“What you gon’ do with all that junk? All that junk inside that trunk?”
While the Black Eyed Peas’ answer to those questions involves getting “love drunk off my hump,” some professors at the Berklee College of Music, in Boston, offer up an entirely different response to the lyrics -- one aimed at helping their students understand the “commercialization of hip-hop” and the role students have in evolving the genre.
“The position of our college is not to put a damper on popular culture,” said Bill Banfield, a professor of Africana studies, music and society at the college. “We want to teach about what ‘hip-hop’ really means, both historically and today."
This year, the college is holding a “Hip-Hop Empowerment Summit: Making Your Music Heard” on Saturday, which will feature high school and college-aged hip-hop artists and a panel discussion led by Banfield and local hip-hop artists. The college is also working with Essence, a magazine, that focuses on black women and that has been a vocal critic of the portrayal of women as sex objects in several hip-hop songs and videos, to sponsor a youth hip-hop writing contest.
Spelman College, a historically black women's college, has also been a leader in raising issues about hip-hop. Campus protests there led one hip-hop group to abandon plans to appear and the college held a week of discussions on the issue last year and is considering another program in the future.
Berklee, with approximately 3,800 students, offers several hip-hop-centric classes, ranging from turntable lessons to history-focused lectures and discussion groups.
In Banfield’s view, the contemporary music industry has “co-opted” the hip-hop movement, which he said historically served to raise social awareness, often in urban, minority areas. And, said Banfield, that history didn’t necessarily have anything to do with bikini-clad women or “humps and lumps.”
“Not to be an old fogie,” he added, “but black artists in the '70s often made more attempts to say varying things with their music.… Until [today’s] artists do something different and get rewarded, this cycle will continue.”
Banfield said it’s important to realize that sex and violence are not unique to the hip-hop culture. “Look at video games like "Grand Theft Auto," look at the political machine, look at MTV,” he said. “The negative messages of hip-hop are only following the path of our society as a whole.”
Cynthia Gordy, an assistant editor at Essence, said the contest was important because "the young artists who are in college now are the future of hip-hop. We want to encourage them to change the direction of mainstream hip-hop.
“This is not to say we’re boycotting,” added Gordy. “We’re just calling for some balance.”
But does “balanced” sell records?
“There’s quite a lot of ‘conscious’ hip-hop that sells,” said Darcie Wicknick, a recent graduate of Berklee and a co-founder of the Boston Hip-Hop Alliance, a group that supports positive hip-hop artists. She said that artists like The Roots and Kanye West are positive contemporary examples and that several college students have come to her group looking for help at getting their positive messages out through hip-hop.
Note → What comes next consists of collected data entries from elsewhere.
lemma poly_basis_det_on_line: "(\<lambda>s. basis_det (1 + iota s * z)) \<in> range poly"
  and poly_det_on_line:
    "(\<lambda>s. det (coord_mat ((scaled_powers (1 + iota s * z))(n - 1 := line_col x z s)))) \<in> range poly"
proof -
  note R = fun_algebra_poly
  have powers: "coords_in (range poly) (\<lambda>s. scaled_powers (1 + iota s * z) i)" for i
    unfolding scaled_powers_def
    by (intro coords_in_mult[OF R] coords_in_const[OF R] coords_in_power[OF R] coords_in_add[OF R]
        coords_in_poly_iota)
  then show "(\<lambda>s. basis_det (1 + iota s * z)) \<in> range poly"
    unfolding basis_det_def by (intro det_coord_mat_in[OF R])
  have "coords_in (range poly) (\<lambda>s. line_col x z s)"
    unfolding line_col_def binom_tail_def
    by (intro coords_in_uminus[OF R] coords_in_sum[OF R] coords_in_mult[OF R] coords_in_const[OF R]
        coords_in_power[OF R] coords_in_poly_iota finite_lessThan finite_atMost)
  with powers have "coords_in (range poly)
      (\<lambda>s. ((scaled_powers (1 + iota s * z))(n - 1 := line_col x z s)) i)" for i
    by (cases "i = n - 1") auto
  then show "(\<lambda>s. det (coord_mat ((scaled_powers (1 + iota s * z))(n - 1 := line_col x z s))))
      \<in> range poly"
    by (intro det_coord_mat_in[OF R])
qed

lemma coord_line_col_zero:
  assumes "m < n" and "\<And>i. coord x i \<noteq> 0 \<Longrightarrow> i \<le> m"
  shows "coord (line_col x (c ^ (n - 1 - m)) 0) (n - 1) = - (of_nat (2 * m + 1) * coord x m)"
proof -
  define y where "y = (\<Sum>i<n. iota (coord x i * of_nat (2 * i + 1)) * c ^ i)"
  have coord_y: "coord y = (\<lambda>i. coord x i * of_nat (2 * i + 1))"
    unfolding y_def by (rule coord_unique) (simp_all add: coord_eq_0)
  have "line_col x (c ^ (n - 1 - m)) 0 = - (y * c ^ (n - 1 - m))"
    unfolding line_col_def y_def iota_zero binom_tail_zero iota_mult iota_of_nat
    by (simp add: sum_distrib_left mult_ac)
  moreover have "coord (y * c ^ (n - 1 - m)) (n - 1) = coord y m"
    using assms by (intro coord_mult_power_c_top) (auto simp: coord_y)
  ultimately show ?thesis by (simp add: coord_uminus coord_y mult.commute)
qed

end

locale simple_ext_char_0 = simple_ext iota n c
  for iota :: "'a::field_char_0 \<Rightarrow> 'b::comm_ring_1" and n c
begin

lemma obtain_basis_det_cramer_det_nonzero:
  assumes "n > 0" and "x \<noteq> 0"
  obtains b where "basis_det b \<noteq> 0" "cramer_det x b \<noteq> 0"
proof (cases "coord x (n - 1) = 0")
  case False
  then show ?thesis using that[of 1] basis_det_one cramer_det_one[OF assms(1)] by simp
next
  case True
  obtain m where m: "m < n" "coord x m \<noteq> 0" "\<And>i. coord x i \<noteq> 0 \<Longrightarrow> i \<le> m"
    using obtain_top_coord[OF assms(2)] by blast
  define z where "z = c ^ (n - 1 - m)"
  define r where
    "r s = det (coord_mat ((scaled_powers (1 + iota s * z))(n - 1 := line_col x z s)))" for s
  have "r 0 = coord (line_col x z 0) (n - 1)"
    unfolding r_def iota_zero using assms(1)
    by (simp add: scaled_powers_one det_coord_mat_powers_c_replace)
  also have "\<dots> = - (of_nat (2 * m + 1) * coord x m)"
    unfolding z_def using m(1,3) by (rule coord_line_col_zero)
  finally have "r 0 = - (of_nat (2 * m + 1) * coord x m)" .
  moreover have "(of_nat (2 * m + 1) :: 'a) \<noteq> 0" by (simp only: of_nat_eq_0_iff)
  ultimately have "r 0 \<noteq> 0" using m(2) by simp
  moreover have "basis_det (1 + iota 0 * z) \<noteq> 0" by (simp add: iota_zero basis_det_one)
  ultimately obtain s where "basis_det (1 + iota s * z) \<noteq> 0" "r s \<noteq> 0" "s \<noteq> 0"
    using poly_funs_common_nonzero[OF infinite_UNIV_char_0 poly_basis_det_on_line poly_det_on_line]
    unfolding r_def by blast
  then show ?thesis
    using that cramer_det_on_line[OF assms(1) True, of s z] unfolding r_def by simp
qed

end

theorem lemma3p7:
  fixes iota :: "'a::field_char_0 \<Rightarrow> 'b::comm_ring_1"
    and n :: nat and c x :: 'b
  assumes "alg_hom iota"
    and "prim_elem iota n c"
    and "x \<noteq> 0"
  shows "let V = {b. b dvd 1 \<and> prim_elem iota n (c * b ^ 2)};
             W = {b \<in> V. bracket iota n (x * inv_S b) (c * b ^ 2) \<noteq> 0}
         in W \<noteq> {} \<and> units_open iota n c W"
proof -
  interpret simple_ext_char_0 iota n c
    using assms(1,2) by unfold_locales
  have "n > 0" using assms(3) coord_expand[of x] by (cases n) auto
  obtain b where "basis_det b \<noteq> 0" "cramer_det x b \<noteq> 0"
    using obtain_basis_det_cramer_det_nonzero[OF \<open>n > 0\<close> assms(3)] .
  then have "b \<in> {b. b dvd 1 \<and> basis_det b * cramer_det x b \<noteq> 0}"
    using unit_if_basis_det_nonzero by simp
  then show ?thesis
    unfolding Let_def W_eq_nonvanishing[OF \<open>n > 0\<close>] using units_open_nonvanishing by blast
qed

end
(* Let $n\ge 13$ and let $CT_n$ be the set of chemical trees on $n$ vertices. For a tree $T$ write $\mathbf m(T)=(m_{3,3}(T),m_{2,3}(T),m_{1,2}(T),m_{1,3}(T),m_{2,2}(T))$. For $1\le i\le 13$ let $A_i$ be the set of trees $T\in CT_n$ with $\Delta(T)\le 3$, $n_3(T)\le 2$ and $\mathbf m(T)$ equal to the following vector: $A_1:(0,0,2,0,n-3)$; $A_2:(0,1,1,2,n-5)$; $A_3:(0,2,2,1,n-6)$; $A_4:(0,3,3,0,n-7)$; $A_5:(0,2,0,4,n-7)$; $A_6:(0,3,1,3,n-8)$; $A_7:(0,4,2,2,n-9)$; $A_8:(1,1,1,3,n-7)$; $A_9:(0,5,3,1,n-10)$; $A_{10}:(1,2,2,2,n-8)$; $A_{11}:(0,6,4,0,n-11)$; $A_{12}:(1,3,3,1,n-9)$; $A_{13}:(1,4,4,0,n-10)$. Let $\Omega(n)$ be the set of trees $T\in CT_n$ having $3$ vertices of degree $3$, $n-8$ vertices of degree $2$ and $5$ vertices of degree $1$, with $m_{1,2}(T)=m_{2,3}(T)=5$, $m_{1,3}(T)=0$, $m_{3,3}(T)=2$, $m_{2,2}(T)=n-13$. Let $T_1\in A_1$, $T_2\in A_4$, $T_3\in A_3$, $T_4\in A_2$, $T_5\in A_{13}$, $T_6\in A_{12}$, $T_7\in A_{11}$, $T_8\in A_{10}$, $T_9\in A_9$, $T_{10}\in A_8$, $T_{11}\in A_7$, $T_{12}\in A_6$, $T_{13}\in A_5$, $T_{14}\in\Omega(n)$, and let $T\in CT_n$ not belong to $A_1\cup\cdots\cup A_{13}\cup\Omega(n)$. Then $SO_{red}(T_1)<SO_{red}(T_2)<\cdots<SO_{red}(T_{13})<SO_{red}(T_{14})<SO_{red}(T)$.
   Context: All graphs are simple and connected. A chemical graph is a graph with maximum degree at most $4$; a chemical tree is a chemical graph that is a tree. $d_G(u)$ is the degree of $u$, $\Delta(G)$ the maximum degree, $n_i(G)$ the number of vertices of degree $i$, and $m_{i,j}(G)$ the number of edges joining a vertex of degree $i$ to a vertex of degree $j$. The reduced Sombor index is $SO_{red}(G)=\sum_{uv\in E(G)}\sqrt{(d_G(u)-1)^2+(d_G(v)-1)^2}$. *)

theory Defs
  imports Complex_Main
begin

definition simple_graph :: "'a set \<Rightarrow> 'a set set \<Rightarrow> bool" where
  "simple_graph V E \<longleftrightarrow> finite V \<and>
     (\<forall>e\<in>E. \<exists>u v. e = {u, v} \<and> u \<noteq> v \<and> u \<in> V \<and> v \<in> V)"

definition deg :: "'a set set \<Rightarrow> 'a \<Rightarrow> nat" where
  "deg E v = card {e\<in>E. v \<in> e}"

definition adj :: "'a set set \<Rightarrow> 'a \<Rightarrow> 'a \<Rightarrow> bool" where
  "adj E u v \<longleftrightarrow> {u, v} \<in> E"

definition connected_graph :: "'a set \<Rightarrow> 'a set set \<Rightarrow> bool" where
  "connected_graph V E \<longleftrightarrow> V \<noteq> {} \<and> (\<forall>u\<in>V. \<forall>v\<in>V. (adj E)\<^sup>*\<^sup>* u v)"

definition is_cycle :: "'a set set \<Rightarrow> 'a list \<Rightarrow> bool" where
  "is_cycle E xs \<longleftrightarrow> length xs \<ge> 3 \<and> distinct xs \<and>
     (\<forall>i. Suc i < length xs \<longrightarrow> adj E (xs ! i) (xs ! Suc i)) \<and>
     adj E (last xs) (hd xs)"

definition is_tree :: "'a set \<Rightarrow> 'a set set \<Rightarrow> bool" where
  "is_tree V E \<longleftrightarrow> simple_graph V E \<and> connected_graph V E \<and>
     \<not> (\<exists>xs. set xs \<subseteq> V \<and> is_cycle E xs)"
lemma subspace_bracket_annihilator: "subspace {u. \<forall>z\<in>Z. br u z = 0}"
  unfolding subspace_def by (simp add: bracket_add_left bracket_scale_left)

lemma lie_bracket_set_bracket_eq_zero_iff:
  "lie_bracket_set scale br (lie_bracket_set scale br X Y) Z = {0} \<longleftrightarrow>
     (\<forall>x\<in>X. \<forall>y\<in>Y. \<forall>z\<in>Z. br (br x y) z = 0)"
proof -
  let ?XY = "lie_bracket_set scale br X Y"
  have "?XY \<subseteq> {u. \<forall>z\<in>Z. br u z = 0} \<longleftrightarrow> (\<forall>x\<in>X. \<forall>y\<in>Y. \<forall>z\<in>Z. br (br x y) z = 0)"
  proof
    assume "?XY \<subseteq> {u. \<forall>z\<in>Z. br u z = 0}"
    moreover have "br x y \<in> ?XY" if "x \<in> X" "y \<in> Y" for x y
      unfolding lie_bracket_set_def using that by (intro span_base) blast
    ultimately show "\<forall>x\<in>X. \<forall>y\<in>Y. \<forall>z\<in>Z. br (br x y) z = 0"
      by blast
  next
    assume "\<forall>x\<in>X. \<forall>y\<in>Y. \<forall>z\<in>Z. br (br x y) z = 0"
    then have "{br x y | x y. x \<in> X \<and> y \<in> Y} \<subseteq> {u. \<forall>z\<in>Z. br u z = 0}"
      by blast
    then show "?XY \<subseteq> {u. \<forall>z\<in>Z. br u z = 0}"
      unfolding lie_bracket_set_def by (rule span_minimal[OF _ subspace_bracket_annihilator])
  qed
  moreover have "lie_bracket_set scale br ?XY Z = {0} \<longleftrightarrow> ?XY \<subseteq> {u. \<forall>z\<in>Z. br u z = 0}"
    unfolding lie_bracket_set_def[of _ _ ?XY] span_eq_zero_iff by blast
  ultimately show ?thesis
    by simp
qed

definition hom_lie_form :: "('v \<Rightarrow> 'v) \<Rightarrow> 'v \<Rightarrow> 'v \<Rightarrow> 'v \<Rightarrow> 'v" where
  "hom_lie_form \<phi> x y z = br (br x y) (\<phi> z) + br (br z x) (\<phi> y) + br (br y z) (\<phi> x)"

lemma hom_lie_structure_iff_form:
  "hom_lie_structure scale br \<phi> \<longleftrightarrow>
     Vector_Spaces.linear scale scale \<phi> \<and> (\<forall>x y z. hom_lie_form \<phi> x y z = 0)"
  by (simp add: hom_lie_structure_def hom_lie_form_def)

lemma hom_lie_form_rotate: "hom_lie_form \<phi> x y z = hom_lie_form \<phi> y z x"
  by (simp add: hom_lie_form_def algebra_simps)

lemma hom_lie_form_add:
  assumes "Vector_Spaces.linear scale scale \<phi>"
  shows "hom_lie_form \<phi> (x + x') y z = hom_lie_form \<phi> x y z + hom_lie_form \<phi> x' y z"
    and "hom_lie_form \<phi> x (y + y') z = hom_lie_form \<phi> x y z + hom_lie_form \<phi> x y' z"
    and "hom_lie_form \<phi> x y (z + z') = hom_lie_form \<phi> x y z + hom_lie_form \<phi> x y z'"
  using assms unfolding linear_iff
  by (simp_all add: hom_lie_form_def bracket_add_left bracket_add_right algebra_simps)

lemma hom_lie_form_eq_0_if_eq_0_on_summands:
  assumes "Vector_Spaces.linear scale scale \<phi>"
    and "\<forall>v. \<exists>a\<in>A. \<exists>b\<in>B. v = a + b"
    and "\<And>x y z. x \<in> A \<union> B \<Longrightarrow> y \<in> A \<union> B \<Longrightarrow> z \<in> A \<union> B \<Longrightarrow> hom_lie_form \<phi> x y z = 0"
  shows "hom_lie_form \<phi> x y z = 0"
proof -
  obtain a1 b1 a2 b2 a3 b3 where
    "a1 \<in> A" "a2 \<in> A" "a3 \<in> A" "b1 \<in> B" "b2 \<in> B" "b3 \<in> B"
    "x = a1 + b1" "y = a2 + b2" "z = a3 + b3"
    using assms(2) by metis
  then show ?thesis
    by (simp add: hom_lie_form_add[OF assms(1)] assms(3))
qed

lemma hom_lie_structure_idempotent_iff:
  assumes lin: "Vector_Spaces.linear scale scale \<phi>" and idem: "\<phi> \<circ> \<phi> = \<phi>"
  defines "A \<equiv> {x. \<phi> x = x}" and "B \<equiv> {x. \<phi> x = 0}"
  shows "hom_lie_structure scale br \<phi> \<longleftrightarrow>
     (\<forall>x\<in>A. \<forall>y\<in>A. \<forall>z\<in>B. br (br x y) z = 0) \<and> (\<forall>x\<in>B. \<forall>y\<in>B. \<forall>z\<in>A. br (br x y) z = 0)"
proof -
  have form_AAA: "hom_lie_form \<phi> x y z = 0" if "x \<in> A" "y \<in> A" "z \<in> A" for x y z
    using that jacobi[of x y z] by (simp add: A_def hom_lie_form_def algebra_simps)
  have form_BBB: "hom_lie_form \<phi> x y z = 0" if "x \<in> B" "y \<in> B" "z \<in> B" for x y z
    using that by (simp add: B_def hom_lie_form_def)
  have form_AAB: "hom_lie_form \<phi> x y z = - br (br x y) z" if "x \<in> A" "y \<in> A" "z \<in> B" for x y z
    using that jacobi[of x y z] by (simp add: A_def B_def hom_lie_form_def eq_neg_iff_add_eq_0 algebra_simps)
  have form_BBA: "hom_lie_form \<phi> x y z = br (br x y) z" if "x \<in> B" "y \<in> B" "z \<in> A" for x y z
    using that by (simp add: A_def B_def hom_lie_form_def)
  show ?thesis
  proof
    assume "hom_lie_structure scale br \<phi>"
    then show "(\<forall>x\<in>A. \<forall>y\<in>A. \<forall>z\<in>B. br (br x y) z = 0) \<and> (\<forall>x\<in>B. \<forall>y\<in>B. \<forall>z\<in>A. br (br x y) z = 0)"
      using form_AAB form_BBA by (simp add: hom_lie_structure_iff_form)
  next
    assume brackets: "(\<forall>x\<in>A. \<forall>y\<in>A. \<forall>z\<in>B. br (br x y) z = 0) \<and> (\<forall>x\<in>B. \<forall>y\<in>B. \<forall>z\<in>A. br (br x y) z = 0)"
    \<comment> \<open>up to rotation, every triple from A \<union> B has one of the four patterns above\<close>
    have "hom_lie_form \<phi> x y z = 0 \<and> hom_lie_form \<phi> y z x = 0 \<and> hom_lie_form \<phi> z x y = 0"
      if "x \<in> A \<and> y \<in> A \<and> z \<in> A \<or> x \<in> B \<and> y \<in> B \<and> z \<in> B \<or>
          x \<in> A \<and> y \<in> A \<and> z \<in> B \<or> x \<in> B \<and> y \<in> B \<and> z \<in> A" for x y z
      using that brackets form_AAA form_BBB form_AAB form_BBA hom_lie_form_rotate[of \<phi> x y z]
        hom_lie_form_rotate[of \<phi> y z x] by auto
    then have "hom_lie_form \<phi> x y z = 0" if "x \<in> A \<union> B" "y \<in> A \<union> B" "z \<in> A \<union> B" for x y z
      using that by blast
    moreover have "\<forall>v. \<exists>a\<in>A. \<exists>b\<in>B. v = a + b"
      using complementary_subspaces_fixed_points_kernel[OF lin idem]
      by (simp add: A_def B_def complementary_subspaces_def)
    ultimately show "hom_lie_structure scale br \<phi>"
      using hom_lie_form_eq_0_if_eq_0_on_summands[OF lin] by (simp add: hom_lie_structure_iff_form lin)
  qed
qed

lemma exists_nontrivial_idempotent_hom_lie_structure_iff:
  "(\<exists>\<phi>. hom_lie_structure scale br \<phi> \<and> \<phi> \<circ> \<phi> = \<phi> \<and> \<phi> \<noteq> (\<lambda>x. 0) \<and> \<phi> \<noteq> id) \<longleftrightarrow>
   (\<exists>A B. complementary_subspaces A B \<and> A \<noteq> {0} \<and> B \<noteq> {0} \<and>
      (\<forall>x\<in>A. \<forall>y\<in>A. \<forall>z\<in>B. br (br x y) z = 0) \<and> (\<forall>x\<in>B. \<forall>y\<in>B. \<forall>z\<in>A. br (br x y) z = 0))"
  (is "(\<exists>\<phi>. ?hom_lie \<phi>) \<longleftrightarrow> (\<exists>A B. ?splitting A B)")
proof
  assume "\<exists>\<phi>. ?hom_lie \<phi>"
  then obtain \<phi> where hom: "hom_lie_structure scale br \<phi>" and idem: "\<phi> \<circ> \<phi> = \<phi>"
    and nonzero: "\<phi> \<noteq> (\<lambda>x. 0)" and non_id: "\<phi> \<noteq> id"
    by blast
  have lin: "Vector_Spaces.linear scale scale \<phi>"
    using hom by (simp add: hom_lie_structure_def)
  have "complementary_subspaces {x. \<phi> x = x} {x. \<phi> x = 0}"
    by (rule complementary_subspaces_fixed_points_kernel[OF lin idem])
  moreover have "{x. \<phi> x = x} \<noteq> {0}"
    using fixed_points_eq_zero_iff[OF idem] nonzero by blast
  moreover have "{x. \<phi> x = 0} \<noteq> {0}"
    using kernel_eq_zero_iff_id[OF lin idem] non_id by blast
  moreover note hom_lie_structure_idempotent_iff[OF lin idem, THEN iffD1, OF hom]
  ultimately show "\<exists>A B. ?splitting A B"
    by blast
next
  assume "\<exists>A B. ?splitting A B"
  then obtain A B where splitting: "?splitting A B"
    by blast
  then obtain p where lin: "Vector_Spaces.linear scale scale p" and idem: "p \<circ> p = p"
    and fixed: "{x. p x = x} = A" and kernel: "{x. p x = 0} = B"
    using complementary_subspaces_projection by blast
  have "hom_lie_structure scale br p"
    using hom_lie_structure_idempotent_iff[OF lin idem] splitting by (simp add: fixed kernel)
  moreover have "p \<noteq> (\<lambda>x. 0)"
    using fixed_points_eq_zero_iff[OF idem] splitting by (simp add: fixed)
  moreover have "p \<noteq> id"
    using kernel_eq_zero_iff_id[OF lin idem] splitting by (simp add: kernel)
  ultimately show "\<exists>\<phi>. ?hom_lie \<phi>"
    using idem by blast
qed

end

theorem lemma2p2:
  fixes scale :: "'k::field \<Rightarrow> 'v::ab_group_add \<Rightarrow> 'v"
    and br :: "'v \<Rightarrow> 'v \<Rightarrow> 'v"
  assumes "lie_algebra scale br"
    and "finite_dim scale"
    and "(2::'k) \<noteq> 0"
  shows "(\<exists>\<phi>. hom_lie_structure scale br \<phi> \<and> \<phi> \<circ> \<phi> = \<phi> \<and> \<phi> \<noteq> (\<lambda>x. 0) \<and> \<phi> \<noteq> id)
     \<longleftrightarrow> (\<exists>A B. module.subspace scale A \<and> module.subspace scale B \<and>
                A \<inter> B = {0} \<and> (\<forall>v. \<exists>a\<in>A. \<exists>b\<in>B. v = a + b) \<and>
                A \<noteq> {0} \<and> B \<noteq> {0} \<and>
                lie_bracket_set scale br (lie_bracket_set scale br A A) B = {0} \<and>
                lie_bracket_set scale br (lie_bracket_set scale br B B) A = {0})"
proof -
  interpret lie_alg scale br
    by (rule lie_alg.intro) fact
  show ?thesis
    using exists_nontrivial_idempotent_hom_lie_structure_iff
    unfolding lie_bracket_set_bracket_eq_zero_iff complementary_subspaces_def
    by simp
qed
(* Let $\mathsf P_1,\mathsf P_2\subseteq\mathcal G_{s,t}\times\mathbb N$ be parameterized problems with $\mathsf P_1\le_{\mathrm{LOCAL}}$ Multicolored Independent Set and $\mathsf P_2\le_{\mathrm{LOCAL}}$ Multicolored Independent Set. Then $\mathsf P_1\cup\mathsf P_2\le_{\mathrm{LOCAL}}$ Multicolored Independent Set.
   Context: LOCAL model: network = finite connected undirected graph $G$, $n=|V(G)|$, unique $O(\log n)$-bit identifiers; nodes initially know their identifier, neighbours' identifiers, input labels and the parameter; synchronous rounds, unbounded messages to neighbours, arbitrary local computation. $\mathcal G_{s,t}$: finite connected graphs with unary predicates $P_1..P_s$ and binary predicates $E_1..E_t$; a parameterized problem is $\mathsf P\subseteq\mathcal G_{s,t}\times\mathbb N$. LOCAL reductions: a LOCAL algorithm turning $(G,k)$ into $(G',k')$ ($G'$ connected), represented by $\nu:V(G')\to V(G)$ and $\eta$ mapping each $\{x,y\}\in E(G')$ to a path of $G$ between $\nu(x),\nu(y)$ (stored at the nodes; all nodes know $k'$). $\mathsf P\le_{\mathrm{LOCAL}}\mathsf Q$ if for computable $s,r,t,p$ there is such a reduction with $|V(G')|\le|V(G)|^{s(k)}$, all paths of length $\le r(k)$, $\le t(k)$ rounds, $k'\le p(k)$, and $(G,k)\in\mathsf P\iff(G',k')\in\mathsf Q$ (congestion unbounded). Multicolored Independent Set: instance $k\ge1$ and $G\in\mathcal G_{k,1}$ (binary predicate = edge relation), each vertex in at most one of $P_1..P_k$ (vertices may be uncoloured); yes iff there are pairwise non-adjacent $v_1\in P_1,..,v_k\in P_k$; parameter $k$. *)

theory Defs
  imports Main
begin
lemma matching_of_subgraph_matching_graph:
  assumes "subgraph_of (matching_graph k) G"
  shows "\<exists>M\<subseteq>G. matching M \<and> card M = k"
proof -
  obtain f where f: "inj_on f {..<2*k}" "\<forall>e\<in>matching_graph k. f ` e \<in> G"
    using assms unfolding subgraph_of_def Union_matching_graph by blast
  define edge where "edge i = f ` {2*i, 2*i + 1}" for i
  have disjoint: "edge i \<inter> edge j = {}" if ij: "i < k" "j < k" "i \<noteq> j" for i j
  proof -
    have "f x \<noteq> f y" if "x \<in> {2*i, 2*i + 1}" "y \<in> {2*j, 2*j + 1}" for x y
    proof
      assume "f x = f y"
      moreover have "x \<in> {..<2*k}" "y \<in> {..<2*k}" using that ij by auto
      ultimately have "x = y" by (rule inj_onD[OF f(1)])
      then show False using that ij by auto
    qed
    then show ?thesis unfolding edge_def by blast
  qed
  have "edge ` {..<k} \<subseteq> G" using f(2) unfolding edge_def matching_graph_def by blast
  moreover have "matching (edge ` {..<k})"
    unfolding matching_def pairwise_def disjnt_def using disjoint by auto
  moreover have "inj_on edge {..<k}"
    using disjoint unfolding inj_on_def edge_def by blast
  then have "card (edge ` {..<k}) = k" by (simp add: card_image)
  ultimately show ?thesis by blast
qed

lemma subgraph_matching_graph_of_matching:
  assumes G: "is_graph n G" and M: "M \<subseteq> G" "matching M" "card M = k"
  shows "subgraph_of (matching_graph k) G"
proof -
  have "finite M" using G M(1) unfolding is_graph_def by (meson finite_Pow_iff finite_lessThan
        finite_subset subsetI PowI)
  then obtain h where h: "bij_betw h {..<k} M"
    using M(3) ex_bij_betw_nat_finite[of M] by (auto simp: atLeast0LessThan)
  have "\<exists>u v. e = {u,v} \<and> u \<noteq> v" if "e \<in> M" for e
    using G M(1) that unfolding is_graph_def by (meson card_2_iff subsetD)
  then obtain u v where uv: "\<And>e. e \<in> M \<Longrightarrow> e = {u e, v e} \<and> u e \<noteq> v e" by metis
  define f where "f j = (if even j then u (h (j div 2)) else v (h (j div 2)))" for j
  have edge: "f ` {2*i, 2*i + 1} = h i" if "i < k" for i
    using uv[of "h i"] h that unfolding f_def bij_betw_def by auto
  have "inj_on f {..<2*k}"
  proof (rule inj_onI)
    fix j j' assume j: "j \<in> {..<2*k}" "j' \<in> {..<2*k}" and eq: "f j = f j'"
    have "j div 2 < k" "j' div 2 < k" using j by auto
    moreover have "j \<in> {2*(j div 2), 2*(j div 2) + 1}" "j' \<in> {2*(j' div 2), 2*(j' div 2) + 1}" by auto
    ultimately have "f j \<in> h (j div 2)" "f j' \<in> h (j' div 2)" using edge by blast+
    moreover have "h (j div 2) \<in> M" "h (j' div 2) \<in> M" using h j unfolding bij_betw_def by auto
    ultimately have "h (j div 2) = h (j' div 2)" using eq M(2) matching_edges_disjoint by metis
    then have "j div 2 = j' div 2" using h j unfolding bij_betw_def inj_on_def by auto
    moreover have "even j = even j'"
      using eq uv[of "h (j div 2)"] \<open>h (j div 2) \<in> M\<close> \<open>j div 2 = j' div 2\<close> unfolding f_def by (auto split: if_splits)
    ultimately show "j = j'" by (metis div_mult_mod_eq even_iff_mod_2_eq_zero odd_iff_mod_2_eq_one)
  qed
  moreover have "f ` e \<in> G" if e: "e \<in> matching_graph k" for e
  proof -
    obtain i where "i < k" "e = {2*i, 2*i + 1}" using e unfolding matching_graph_def by blast
    then show ?thesis using edge h M(1) unfolding bij_betw_def by auto
  qed
  ultimately show ?thesis unfolding subgraph_of_def Union_matching_graph by blast
qed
“A lot of times, I hear from young people, ‘I just like the beat,’ ” added Banfield. “They aren’t necessarily listening to the words. I don’t think anyone would quit listening if the beat is there.”
Several aspiring hip-hop students enrolled at Berklee appreciate looking at hip-hop through a critical lens -- without being judgmental of controversial artists who have succeeded in the current business.
Arson Optics, a junior at the college who has produced several hip-hop albums to date, said that he tries not to be a “hater” because he understands that certain artists are making money and “getting themselves out of difficult situations” by producing music and videos that are sometimes sexually offensive. Still, he said, “hip-hop was born positive and right now [in the music industry] another side of the game is being exposed.”
Through his music, Optics tries to emulate artists that he views as positive, like Nas and Common. He said, too, that hip-hop is a “positive force,” but every song doesn’t have to make everyone happy “because everything in the world isn’t positive.”
Anjuli Stars Gonzalez, a junior studying songwriting at the college, said that she admires the work of Kanye West. “He’s taking hip-hop in a different direction. He’s bringing a religious spin and more class to the business. I appreciate that.” She also said that women have been represented in the genre through the work of artists like Lauren Hill and Jean Grae.
If Gonzalez ends up becoming a hip-hop recording artist, will bikini-clad women appear in her videos? “I don’t believe so,” she said.
Thomas F. DeFrantz, an associate professor of music and theater arts at the Massachusetts Institute of Technology, said that more and more colleges are looking at hip-hop as an important field of study. “Most people that I know who teach it do it as a way to connect to some sense of a student’s reality,” he said.
DeFrantz views the critiques of hip-hop going on at Berklee as “essential.” But he cautioned that the music industry isn’t the only reason that negative messages have been passed on through hip-hop. “It’s about more than that,” he said. “People love having sex and talking about sex. Is hip-hop really just about making money? Or is there something more to it?
“Think about it,” added DeFrantz. “ ‘Back That Ass Up’ is a hilarious song. The beat gets you going. But it’s nasty, too.”